It was drizzling the day I decided to cycle to a seminar for the first time. The streets of London shimmered with rain, and I was being pushed – by time, by cars, by the city itself – to keep moving.
I didn’t even know which way to go. When you’re new to London, the smallest tasks can feel monumental. Figuring out which side of the road to ride on, how to use a Forest e-bike, which traffic points to use, everything felt like a test.
I got bumped once, and my anxiety peaked, but I kept pedalling. Finally, I reached my destination, a little shaken but glad to have made it. That, I suppose, was a lesson London wanted to teach me: persistence often comes before confidence. But I already knew that. After all, persistence is what pushes me out of the comfort of home and the weariness of work, towards campus.
Two days later, I tried cycling again. I waited at a traffic light near Westminster, nervous but determined. Big Ben struck quarter to five, and I started moving: hesitant at first, then faster as the e-bike’s motor kicked in. The city rushed past me, and I began to feel more at ease.
Soon, cycling became my weekly ritual: my transition between work, study, and self.

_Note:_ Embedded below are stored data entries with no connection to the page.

definition is_frame :: "(complex \<Rightarrow> 'a::banach \<Rightarrow> 'a) \<Rightarrow> (nat \<Rightarrow> complex) set \<Rightarrow> ((nat \<Rightarrow> complex) \<Rightarrow> real) \<Rightarrow> (nat \<Rightarrow> 'a \<Rightarrow> complex) \<Rightarrow> bool" where
  "is_frame sm S N y \<longleftrightarrow> (\<forall>n. cdual sm (y n)) \<and>
     (\<exists>A B. A > 0 \<and> B > 0 \<and> (\<forall>z. (\<lambda>n. y n z) \<in> S \<and>
        A * norm z \<le> N (\<lambda>n. y n z) \<and> N (\<lambda>n. y n z) \<le> B * norm z))"

definition is_coframe :: "(complex \<Rightarrow> 'a::banach \<Rightarrow> 'a) \<Rightarrow> (nat \<Rightarrow> complex) set \<Rightarrow> ((nat \<Rightarrow> complex) \<Rightarrow> real) \<Rightarrow> (nat \<Rightarrow> 'a) \<Rightarrow> bool" where
  "is_coframe sm S N x \<longleftrightarrow> (\<forall>n. x n \<noteq> 0) \<and>
     (\<exists>A B. A > 0 \<and> B > 0 \<and> (\<forall>f. cdual sm f \<longrightarrow> (\<lambda>n. f (x n)) \<in> seq_dual S N \<and>
        A * onorm f \<le> seq_dual_norm S N (\<lambda>n. f (x n)) \<and>
        seq_dual_norm S N (\<lambda>n. f (x n)) \<le> B * onorm f))"

definition is_cross_frame :: "(complex \<Rightarrow> 'a::banach \<Rightarrow> 'a) \<Rightarrow> (nat \<Rightarrow> complex) set \<Rightarrow> ((nat \<Rightarrow> complex) \<Rightarrow> real) \<Rightarrow> (nat \<Rightarrow> 'a) \<Rightarrow> (nat \<Rightarrow> 'a \<Rightarrow> complex) \<Rightarrow> bool" where
  "is_cross_frame sm S N x y \<longleftrightarrow> is_coframe sm S N x \<and> is_frame sm S N y \<and>
     (\<forall>z. (\<lambda>n. sm (y n z) (x n)) sums z) \<and>
     (\<forall>f. cdual sm f \<longrightarrow>
        (\<lambda>n. onorm (\<lambda>z. f z - (\<Sum>k<n. f (x k) * y k z))) \<longlonglongrightarrow> 0)"

definition one_param_group :: "(complex \<Rightarrow> 'a::banach \<Rightarrow> 'a) \<Rightarrow> (real \<Rightarrow> 'a \<Rightarrow> 'a) \<Rightarrow> bool" where
  "one_param_group sm T \<longleftrightarrow> (\<forall>t. cbounded_op sm (T t)) \<and>
     (\<forall>t s. T (t + s) = T t \<circ> T s) \<and> T 0 = id"

end

theory Submission
  imports Defs
begin
(* Identify $S^1$ with $[0,1]/(0\sim1)$. Let $f:S^1\multimap S^1$ be given by $f(x)=\{0,\tfrac12\}$ for $x\notin[\tfrac13,\tfrac23]$ and $f(x)=\{0,\tfrac12,\tfrac{3x-1}{2}\}$ for $x\in[\tfrac13,\tfrac23]$. Then $f$ is a (lower and upper semicontinuous) at-most-3-valued map, but there is no function $w:S^1\times S^1\to\mathbb{N}$ such that $(f,w)$ is an $\mathbb{N}$-weighted map.
   Context: A weighted map from $X$ to $Y$ is a pair $\psi=(n_\psi,w_\psi)$ where (1) $n_\psi:X\multimap Y$ is an upper semicontinuous multivalued map with $n_\psi(x)$ a finite subset of $Y$ for all $x$; (2) $w_\psi:X\times Y\to\mathbb{N}$ is a function such that (i) $w_\psi(x,y)=0$ whenever $y\notin n_\psi(x)$, and (ii) for every open $U\subseteq Y$ and $x\in X$ with $n_\psi(x)\cap\partial U=\emptyset$ there is an open neighborhood $V$ of $x$ with $\sum_{y\in U}w_\psi(x,y)=\sum_{y\in U}w_\psi(z,y)$ for all $z\in V$. It is an $\mathbb{N}$-weighted map if moreover $w_\psi(x,y)>0$ for all $x\in X$ and $y\in n_\psi(x)$. An at-most-$n$-valued map is a lower and upper semicontinuous multivalued map whose values are nonempty sets of cardinality at most $n$. *)

theory Defs
  imports "HOL-Analysis.Analysis"
begin

definition usc_map :: "'a topology \<Rightarrow> 'b topology \<Rightarrow> ('a \<Rightarrow> 'b set) \<Rightarrow> bool" where
  "usc_map X Y F \<longleftrightarrow> (\<forall>x\<in>topspace X. F x \<subseteq> topspace Y) \<and>
     (\<forall>U. openin Y U \<longrightarrow> openin X {x \<in> topspace X. F x \<subseteq> U})"

definition lsc_map :: "'a topology \<Rightarrow> 'b topology \<Rightarrow> ('a \<Rightarrow> 'b set) \<Rightarrow> bool" where
  "lsc_map X Y F \<longleftrightarrow> (\<forall>x\<in>topspace X. F x \<subseteq> topspace Y) \<and>
     (\<forall>U. openin Y U \<longrightarrow> openin X {x \<in> topspace X. F x \<inter> U \<noteq> {}})"

text \<open>Weighted map (n, w). Since w x vanishes outside the finite set n x, the sum
  over y in U of w x y is the finite sum over U \<inter> n x.\<close>
definition weighted_map ::
  "'a topology \<Rightarrow> 'b topology \<Rightarrow> ('a \<Rightarrow> 'b set) \<Rightarrow> ('a \<Rightarrow> 'b \<Rightarrow> nat) \<Rightarrow> bool" where
  "weighted_map X Y n w \<longleftrightarrow>
     usc_map X Y n \<and>
     (\<forall>x\<in>topspace X. finite (n x)) \<and>
     (\<forall>x\<in>topspace X. \<forall>y\<in>topspace Y. y \<notin> n x \<longrightarrow> w x y = 0) \<and>
     (\<forall>U x. openin Y U \<and> x \<in> topspace X \<and> n x \<inter> (Y frontier_of U) = {} \<longrightarrow>
        (\<exists>V. openin X V \<and> x \<in> V \<and>
             (\<forall>z\<in>V. (\<Sum>y\<in>U \<inter> n x. w x y) = (\<Sum>y\<in>U \<inter> n z. w z y))))"

definition N_weighted_map ::
  "'a topology \<Rightarrow> 'b topology \<Rightarrow> ('a \<Rightarrow> 'b set) \<Rightarrow> ('a \<Rightarrow> 'b \<Rightarrow> nat) \<Rightarrow> bool" where
  "N_weighted_map X Y n w \<longleftrightarrow> weighted_map X Y n w \<and>
     (\<forall>x\<in>topspace X. \<forall>y\<in>n x. w x y > 0)"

Between four and six p.m., London bursts into motion as waves of people hurry towards buses and Underground stations. This is the time I ride towards Birkbeck, joining the rush of people in my own way.
Most people use this time to head home, to rest. My destination, though, is not a place of rest but of energy: the lights of Birkbeck campus, the hum of conversation during evening seminars as people gather to learn. People with grey hair in windbreakers, bright pink hair in hoodies, or short hair in business suits. Some come straight from their offices, others from homes and families. Everyone brings a story, a day already lived, and a determination to keep learning. In this environment, I find something both grounding and inspiring, a sense that education is not separate from life but a part of it.
When I cycle home later at night, the city has changed. The roads are calmer, the people less rushed. It feels as though London and I share a secret, the knowledge that between dusk and midnight, the city belongs to those still chasing their dreams.
Studying at Birkbeck has taught me that “settling in” isn’t about becoming entirely comfortable. It’s about finding your rhythm in a city that never stops moving, learning when to push forward, when to pause, and how to keep going even when the rain falls.
London doesn’t slow down for anyone, but it leaves just enough room for people to grow at their own pace. And somewhere between the crowded evenings and the quiet rides home, between the ambition and the exhaustion, I’ve realised I’m no longer just passing through. I’ve become part of the city.